▶ [Source records]:

lemma reduced_euler_char_fence_to_const:
  assumes "finite_T0 A R" and "a \<in> A" and "(comparable_maps A R)\<^sup>*\<^sup>* id (\<lambda>_. a)"
  shows "reduced_euler_char A R = 0"
  using assms
proof (induction "card A" arbitrary: A R a rule: less_induct)
  case less
  show ?case
  proof (cases "\<exists>R'\<in>{R, R\<inverse>}. \<exists>x m. down_beat_point A R' x m")
    case True
    then obtain R' x m where R': "R' \<in> {R, R\<inverse>}" and beat: "down_beat_point A R' x m"
      by blast
    have T0: "finite_T0 A R'" and fence: "(comparable_maps A R')\<^sup>*\<^sup>* id (\<lambda>_. a)"
      and same_char: "reduced_euler_char A R' = reduced_euler_char A R"
      using R' less.prems
      by (auto simp: finite_T0_converse comparable_maps_converse reduced_euler_char_converse)
    obtain a' where a': "a' \<in> A - {x}"
      and fence': "(comparable_maps (A - {x}) (R' \<inter> (A - {x}) \<times> (A - {x})))\<^sup>*\<^sup>* id (\<lambda>_. a')"
      using fence_remove_down_beat_point[OF T0 beat less.prems(2) fence] by blast
    have "card (A - {x}) < card A"
      by (rule card_Diff1_less[OF finite_T0_finite[OF T0]]) (use beat in \<open>simp add: down_beat_point_def\<close>)
    then have "reduced_euler_char (A - {x}) (R' \<inter> (A - {x}) \<times> (A - {x})) = 0"
      using less.hyps[OF _ finite_T0_subset[OF T0 Diff_subset] a' fence'] by blast
    then show ?thesis
      using reduced_euler_char_remove_down_beat_point[OF T0 beat] same_char
      by (simp add: reduced_euler_char_restrict)
  next
    case False
    then have "\<forall>y\<in>A. y = a"
      using fence_from_id_without_beat_points[OF less.prems(1) _ less.prems(3)] by auto
    then have "\<forall>z\<in>A. (a, z) \<in> R \<or> (z, a) \<in> R"
      using finite_T0_refl[OF less.prems(1,2)] by metis
    then show ?thesis
      by (rule reduced_euler_char_cone[OF finite_T0_finite[OF less.prems(1)] less.prems(2)
            finite_T0_refl[OF less.prems(1,2)]])
  qed
qed

lemma reduced_euler_char_contractible:
  assumes "finite_T0 S R" and "D \<subseteq> S" and "poset_contractible D R"
  shows "reduced_euler_char D R = 0"
proof -
  have T0: "finite_T0 D (R \<inter> D \<times> D)"
    using finite_T0_subset[OF assms(1,2)] .
  obtain a where "a \<in> D" and "(comparable_maps D (R \<inter> D \<times> D))\<^sup>*\<^sup>* id (\<lambda>_. a)"
    using assms(3) contractible_imp_fence_to_const[OF T0] unfolding poset_contractible_def by blast
  then show ?thesis
    using reduced_euler_char_fence_to_const[OF T0] reduced_euler_char_restrict by metis
qed

section \<open>Invariance under simple homotopy equivalence\<close>

lemma reduced_euler_char_remove_weak_beat_point:
  assumes "finite_T0 S R" and "weak_beat_point S R x"
  shows "reduced_euler_char (S - {x}) R = reduced_euler_char S R"
  using assms(2) reduced_euler_char_remove_point[OF assms(1)]
    reduced_euler_char_contractible[OF assms(1)]
  unfolding weak_beat_point_def by fastforce

lemma reduced_euler_char_elementary_move:
  assumes "elementary_move P Q"
  shows "reduced_euler_char (fst P) (snd P) = reduced_euler_char (fst Q) (snd Q)"
  using assms reduced_euler_char_remove_weak_beat_point reduced_euler_char_restrict
  unfolding elementary_move_def by metis

lemma reduced_euler_char_simple_homotopy_equivalent:
  assumes "simple_homotopy_equivalent S R T Q"
  shows "reduced_euler_char S R = reduced_euler_char T Q"
proof -
  obtain P0 P1 where "poset_homeomorphic S R (fst P0) (snd P0)"
    and moves: "elementary_move\<^sup>*\<^sup>* P0 P1" and "poset_homeomorphic (fst P1) (snd P1) T Q"
    using assms unfolding simple_homotopy_equivalent_def by blast
  moreover have "reduced_euler_char (fst P0) (snd P0) = reduced_euler_char (fst P1) (snd P1)"
    using moves by induction (simp_all add: reduced_euler_char_elementary_move)
  ultimately show ?thesis
    using reduced_euler_char_poset_homeomorphic by metis
qed

theorem mainTheorem9:
  fixes S :: "'a set" and R :: "('a \<times> 'a) set" and T :: "'b set" and Q :: "('b \<times> 'b) set"
  assumes "finite_T0 S R" and "finite_T0 T Q"
    and "simple_homotopy_equivalent S R T Q"
  shows "rank_bar S R = rank_bar T Q"
  using rank_bar_eq[OF assms(1)] rank_bar_eq[OF assms(2)]
    reduced_euler_char_simple_homotopy_equivalent[OF assms(3)]
  by simp

end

▶ [What you will do]: Restate every record exactly, leaving nothing out.

▶ [Answer to the problem]:
lemma reduced_euler_char_fence_to_const:
  assumes "finite_T0 A R" and "a \<in> A" and "(comparable_maps A R)\<^sup>*\<^sup>* id (\<lambda>_. a)"
  shows "reduced_euler_char A R = 0"
  using assms
proof (induction "card A" arbitrary: A R a rule: less_induct)
  case less
  show ?case
  proof (cases "\<exists>R'\<in>{R, R\<inverse>}. \<exists>x m. down_beat_point A R' x m")
    case True
    then obtain R' x m where R': "R' \<in> {R, R\<inverse>}" and beat: "down_beat_point A R' x m"
      by blast
    have T0: "finite_T0 A R'" and fence: "(comparable_maps A R')\<^sup>*\<^sup>* id (\<lambda>_. a)"
      and same_char: "reduced_euler_char A R' = reduced_euler_char A R"
      using R' less.prems
      by (auto simp: finite_T0_converse comparable_maps_converse reduced_euler_char_converse)
    obtain a' where a': "a' \<in> A - {x}"
      and fence': "(comparable_maps (A - {x}) (R' \<inter> (A - {x}) \<times> (A - {x})))\<^sup>*\<^sup>* id (\<lambda>_. a')"
      using fence_remove_down_beat_point[OF T0 beat less.prems(2) fence] by blast
    have "card (A - {x}) < card A"
      by (rule card_Diff1_less[OF finite_T0_finite[OF T0]]) (use beat in \<open>simp add: down_beat_point_def\<close>)
    then have "reduced_euler_char (A - {x}) (R' \<inter> (A - {x}) \<times> (A - {x})) = 0"
      using less.hyps[OF _ finite_T0_subset[OF T0 Diff_subset] a' fence'] by blast
    then show ?thesis
      using reduced_euler_char_remove_down_beat_point[OF T0 beat] same_char
      by (simp add: reduced_euler_char_restrict)
  next
    case False
    then have "\<forall>y\<in>A. y = a"
      using fence_from_id_without_beat_points[OF less.prems(1) _ less.prems(3)] by auto
    then have "\<forall>z\<in>A. (a, z) \<in> R \<or> (z, a) \<in> R"
      using finite_T0_refl[OF less.prems(1,2)] by metis
    then show ?thesis
      by (rule reduced_euler_char_cone[OF finite_T0_finite[OF less.prems(1)] less.prems(2)
            finite_T0_refl[OF less.prems(1,2)]])
  qed
qed

lemma reduced_euler_char_contractible:
  assumes "finite_T0 S R" and "D \<subseteq> S" and "poset_contractible D R"
  shows "reduced_euler_char D R = 0"
proof -
  have T0: "finite_T0 D (R \<inter> D \<times> D)"
    using finite_T0_subset[OF assms(1,2)] .
  obtain a where "a \<in> D" and "(comparable_maps D (R \<inter> D \<times> D))\<^sup>*\<^sup>* id (\<lambda>_. a)"
    using assms(3) contractible_imp_fence_to_const[OF T0] unfolding poset_contractible_def by blast
  then show ?thesis
    using reduced_euler_char_fence_to_const[OF T0] reduced_euler_char_restrict by metis
qed

section \<open>Invariance under simple homotopy equivalence\<close>

lemma reduced_euler_char_remove_weak_beat_point:
  assumes "finite_T0 S R" and "weak_beat_point S R x"
  shows "reduced_euler_char (S - {x}) R = reduced_euler_char S R"
  using assms(2) reduced_euler_char_remove_point[OF assms(1)]
    reduced_euler_char_contractible[OF assms(1)]
  unfolding weak_beat_point_def by fastforce

lemma reduced_euler_char_elementary_move:
  assumes "elementary_move P Q"
  shows "reduced_euler_char (fst P) (snd P) = reduced_euler_char (fst Q) (snd Q)"
  using assms reduced_euler_char_remove_weak_beat_point reduced_euler_char_restrict
  unfolding elementary_move_def by metis

lemma reduced_euler_char_simple_homotopy_equivalent:
  assumes "simple_homotopy_equivalent S R T Q"
  shows "reduced_euler_char S R = reduced_euler_char T Q"
proof -
  obtain P0 P1 where "poset_homeomorphic S R (fst P0) (snd P0)"
    and moves: "elementary_move\<^sup>*\<^sup>* P0 P1" and "poset_homeomorphic (fst P1) (snd P1) T Q"
    using assms unfolding simple_homotopy_equivalent_def by blast
  moreover have "reduced_euler_char (fst P0) (snd P0) = reduced_euler_char (fst P1) (snd P1)"
    using moves by induction (simp_all add: reduced_euler_char_elementary_move)
  ultimately show ?thesis
    using reduced_euler_char_poset_homeomorphic by metis
qed

theorem mainTheorem9:
  fixes S :: "'a set" and R :: "('a \<times> 'a) set" and T :: "'b set" and Q :: "('b \<times> 'b) set"
  assumes "finite_T0 S R" and "finite_T0 T Q"
    and "simple_homotopy_equivalent S R T Q"
  shows "rank_bar S R = rank_bar T Q"
  using rank_bar_eq[OF assms(1)] rank_bar_eq[OF assms(2)]
    reduced_euler_char_simple_homotopy_equivalent[OF assms(3)]
  by simp

end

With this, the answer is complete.